Nachrichten Corona
Kreis Olpe, 31.03.2021

Tübinger Modell rechtlich nicht möglich

Kreis Olpe möchte vorsichtige Öffnungen – Hoffnung für Restaurants?

Warten auf Gäste: Restaurants, Kneipen und Hotels sind seit Monaten im Corona-Lockdown. 
Warten auf Gäste: Restaurants, Kneipen und Hotels sind seit Monaten im Corona-Lockdown. 
NGG
Kreis Olpe. Tübinger Verhältnisse, bei denen man nach einem negativen Corona-Test ein „digitales Tagesticket“ erhält und damit Läden, Restaurants und Kultureinrichtungen besuchen kann, wird es im Kreis Olpe vorerst nicht geben. Das wurde am Mittwochabend, 31. März, in der Sondersitzung des Ausschusses für Umwelt und Kreisentwicklung im Olper Kreishaus deutlich. Denn die geltende Corona-Schutzverordnung des Landes NRW erlaubt ein solches Vorgehen nicht.

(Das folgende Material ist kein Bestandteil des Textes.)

lemma low_rank_approx:
  assumes x: "\<And>i j. i < m \<Longrightarrow> j < n \<Longrightarrow> \<bar>x i j\<bar> \<le> 1" and m: "m > 0" and n: "n > 0"
    and nuc: "(\<Sum>k<n. sqrt (lam k)) \<le> q * sqrt (real m * real n)" and t: "t > 0"
  shows "\<exists>K \<alpha> \<beta>. K \<subseteq> {..<n} \<and> real (card K) \<le> q / t \<and> (\<forall>i<m. \<forall>k\<in>K. \<bar>\<alpha> i k\<bar> \<le> 1) \<and>
     (\<forall>j<n. \<forall>k\<in>K. \<bar>\<beta> j k\<bar> \<le> 1 / t) \<and>
     (\<Sum>i<m. \<Sum>j<n. (x i j - (\<Sum>k\<in>K. \<alpha> i k * \<beta> j k))^2) \<le> t * q * (real m * real n)"
proof -
  define \<theta> where "\<theta> = t^2 * (real m * real n)"
  have \<theta>: "\<theta> > 0" unfolding \<theta>_def using t m n by simp
  have sqrt_\<theta>: "sqrt \<theta> = t * sqrt (real m * real n)" unfolding \<theta>_def using t by (simp add: real_sqrt_mult)
  have mn: "sqrt (real m * real n) > 0" using m n by simp
  define K where "K = {k\<in>{..<n}. \<theta> \<le> lam k}"
  have K: "K \<subseteq> {..<n}" unfolding K_def by auto
  have "{..<n} - K = {k\<in>{..<n}. lam k < \<theta>}" unfolding K_def by auto
  hence "(\<Sum>k\<in>{..<n} - K. lam k) \<le> sqrt \<theta> * (\<Sum>k<n. sqrt (lam k))"
    using sum_below_threshold_le[of "{..<n}" lam \<theta>] eigenvalue_nonneg \<theta> by simp
  also have "\<dots> \<le> sqrt \<theta> * (q * sqrt (real m * real n))" by (rule mult_left_mono[OF nuc]) (use \<theta> in simp)
  also have "\<dots> = t * q * (real m * real n)" by (simp add: sqrt_\<theta> mult_ac)
  finally have err: "(\<Sum>i<m. \<Sum>j<n. (x i j - (\<Sum>k\<in>K. coef k i * v k j))^2) \<le> t * q * (real m * real n)"
    unfolding truncation_error[OF K] .
  have "real (card K) * (t * sqrt (real m * real n)) \<le> q * sqrt (real m * real n)"
    using card_threshold_le_sum_sqrt[of "{..<n}" lam \<theta>] eigenvalue_nonneg nuc
    unfolding K_def sqrt_\<theta>[symmetric] by force
  hence card: "real (card K) \<le> q / t" using t mn by (simp add: field_simps)
  define \<alpha> where "\<alpha> i k = coef k i / sqrt (real n)" for i k
  define \<beta> where "\<beta> j k = sqrt (real n) * v k j" for j k
  have "\<alpha> i k * \<beta> j k = coef k i * v k j" for i j k unfolding \<alpha>_def \<beta>_def using n by simp
  hence "(\<Sum>i<m. \<Sum>j<n. (x i j - (\<Sum>k\<in>K. \<alpha> i k * \<beta> j k))^2) \<le> t * q * (real m * real n)"
    using err by simp
  moreover have "\<bar>\<alpha> i k\<bar> \<le> 1" if "i < m" "k \<in> K" for i k
    unfolding \<alpha>_def using scaled_coef_le[of i k] x that n by (simp add: K_def)
  moreover have "\<bar>\<beta> j k\<bar> \<le> 1 / t" if "j < n" "k \<in> K" for j k
    unfolding \<beta>_def using scaled_eigenvector_le[of j k] x that m t by (simp add: K_def \<theta>_def)
  ultimately show ?thesis using card K by blast
qed

end

lemma low_rank_approx:
  fixes X :: "real mat"
  assumes X: "X \<in> carrier_mat m n" and m: "m > 0" and n: "n > 0"
    and x: "\<And>i j. i < m \<Longrightarrow> j < n \<Longrightarrow> \<bar>X $$ (i,j)\<bar> \<le> 1"
    and nuc: "nuclear_norm X \<le> q * sqrt (real m * real n)" and t: "t > 0"
  shows "\<exists>K \<alpha> \<beta>. K \<subseteq> {..<n} \<and> real (card K) \<le> q / t \<and> (\<forall>i<m. \<forall>k\<in>K. \<bar>\<alpha> i k\<bar> \<le> 1) \<and>
     (\<forall>j<n. \<forall>k\<in>K. \<bar>\<beta> j k\<bar> \<le> 1 / t) \<and>
     (\<Sum>i<m. \<Sum>j<n. (X $$ (i,j) - (\<Sum>k\<in>K. \<alpha> i k * \<beta> j k))^2) \<le> t * q * (real m * real n)"
proof -
  obtain v lam where "gram_eigenbasis (\<lambda>i j. X $$ (i,j)) m n v lam" "nuclear_norm X = (\<Sum>k<n. sqrt (lam k))"
    using gram_eigenbasis_exists[OF X] .
  thus ?thesis using gram_eigenbasis.low_rank_approx[OF _ x m n _ t] nuc by simp
qed

section \<open>Quantized approximation\<close>

lemma floor_divide_bounds:
  fixes h y :: real
  assumes h: "h > 0"
  shows "h * of_int \<lfloor>y / h\<rfloor> \<le> y" "y < h * of_int \<lfloor>y / h\<rfloor> + h"
proof -
  have "of_int \<lfloor>y / h\<rfloor> \<le> y / h" by (rule of_int_floor_le)
  thus "h * of_int \<lfloor>y / h\<rfloor> \<le> y" using h by (simp add: le_divide_eq mult.commute)
  have "y / h < of_int \<lfloor>y / h\<rfloor> + 1" by (rule real_of_int_floor_add_one_gt)
  thus "y < h * of_int \<lfloor>y / h\<rfloor> + h" using h by (simp add: divide_less_eq algebra_simps)
qed

lemma floor_divide_in_range:
  fixes y Y h :: real
  assumes "\<bar>y\<bar> \<le> Y" "h > 0"
  shows "\<lfloor>y / h\<rfloor> \<in> {- \<lceil>Y / h\<rceil> .. \<lceil>Y / h\<rceil>}"
proof -
  have "y \<le> Y" "- Y \<le> y" using assms(1) by auto
  hence "y / h \<le> Y / h" "- (Y / h) \<le> y / h"
    using divide_right_mono[of y Y h] divide_right_mono[of "- Y" y h] assms(2) by auto
  hence "\<lfloor>y / h\<rfloor> \<le> \<lceil>Y / h\<rceil>" "\<lfloor>- (Y / h)\<rfloor> \<le> \<lfloor>y / h\<rfloor>"
    by (meson floor_le_ceiling floor_mono order_trans)+
  thus ?thesis by (simp add: floor_minus)
qed

lemma rounded_product_error:
  fixes a b h1 h2 B :: real
  assumes a: "\<bar>a\<bar> \<le> 1" and b: "\<bar>b\<bar> \<le> B" and h1: "h1 > 0" "h1 \<le> 1" and h2: "h2 > 0"
  shows "\<bar>a * b - (h1 * of_int \<lfloor>a / h1\<rfloor>) * (h2 * of_int \<lfloor>b / h2\<rfloor>)\<bar> \<le> h1 * B + 2 * h2"
proof -
  define a' where "a' = h1 * of_int \<lfloor>a / h1\<rfloor>"
  define b' where "b' = h2 * of_int \<lfloor>b / h2\<rfloor>"
  have da: "\<bar>a - a'\<bar> \<le> h1" using floor_divide_bounds[OF h1(1), of a] unfolding a'_def by auto
  have db: "\<bar>b - b'\<bar> \<le> h2" using floor_divide_bounds[OF h2, of b] unfolding b'_def by auto
  have a': "\<bar>a'\<bar> \<le> 2" using da a h1 by linarith
  have "a * b - a' * b' = (a - a') * b + a' * (b - b')" by (simp add: algebra_simps)
  hence "\<bar>a * b - a' * b'\<bar> \<le> \<bar>a - a'\<bar> * \<bar>b\<bar> + \<bar>a'\<bar> * \<bar>b - b'\<bar>"
    by (simp add: abs_mult[symmetric] abs_triangle_ineq)
  also have "\<dots> \<le> h1 * B + 2 * h2"
    by (intro add_mono mult_mono) (use da db a' b h1 h2 in auto)
  finally show ?thesis unfolding a'_def b'_def .
qed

Für die Sondersitzung hatte ein Vorstoß der Grünen gesorgt, das Tübinger Modell im Kreis Olpe einzuführen. „Wir müssen endlich handeln und nicht weiter unsere Bürger beschränken und den Einzelhandel und die Gastronomie in den Ruin treiben“, hatte Fraktionschef Fred-Josef Hansen in seinem Antrag geschrieben.

Keine Akzeptanz fürs Zusperren

Grundsätzlich stieß der Vorstoß auf breite Zustimmung. „Wir begrüßen Schritte in Richtung normales Leben. Die Akzeptanz des weiteren Zusperrens geht bei der Bevölkerung gegen Null“, fand Joachim Hoffmann (FDP). Auch Landrat Theo Melcher fand die Initiative gut: „Ich bin dankbar, dass wir Wege aus der reinen Verbotssystematik suchen. Es ist sinnvoll, ein Stück normales Leben wieder da zu ermöglichen, wo es verantwortbar möglich ist.“

Doch dem Kreis seien die Hände gebunden, so Melcher, denn die NRW-Schutzverordnung schränke eigene Maßnahmen der Kreise und kreisfreien Städte stark ein. Mehr als die vom Kreis per Allgemeinverfügung umgesetzte Test-Option (Ladenbesuch mit Termin und negativem Coronatest) sei momentan nicht drin. Melcher: „Es geht nicht um Öffnungsschritte für Kinos, Gastronomie und Events. Das dürfen wir nicht.“

Kreis setzt auf Modellregion

Große Hoffnungen setzt man im Kreishaus aber darauf, dass der Kreis als eine der Modellregionen im Land ausgesucht wird, in denen (wissenschaftlich begleitete) Lockerungen erlaubt werden. Dabei soll sich jede Modellregion auf einen Bereich beschränken. Dafür hat der Landrat den Restaurant-Bereich ausgesucht und steht mit der Dehoga als Partner in engem Kontakt. Er ist guter Dinge, dass der Kreis dafür den Zuschlag erhalten wird.


Einstimmig einigte sich der Ausschuss auf folgende Absichtserklärung:

  1. Der Kreis spricht sich für verantwortungsvolle Öffnungen aus.
  2. Der Kreis wünscht sich, Modellregion für den Restaurant-Sektor zu werden.
  3. Die Teststrategie soll in Abstimmung mit den Städten und Gemeinden weiterentwickelt werden mit dem Ziel, mehr als einen kostenlosen Schnelltest pro Woche anzubieten.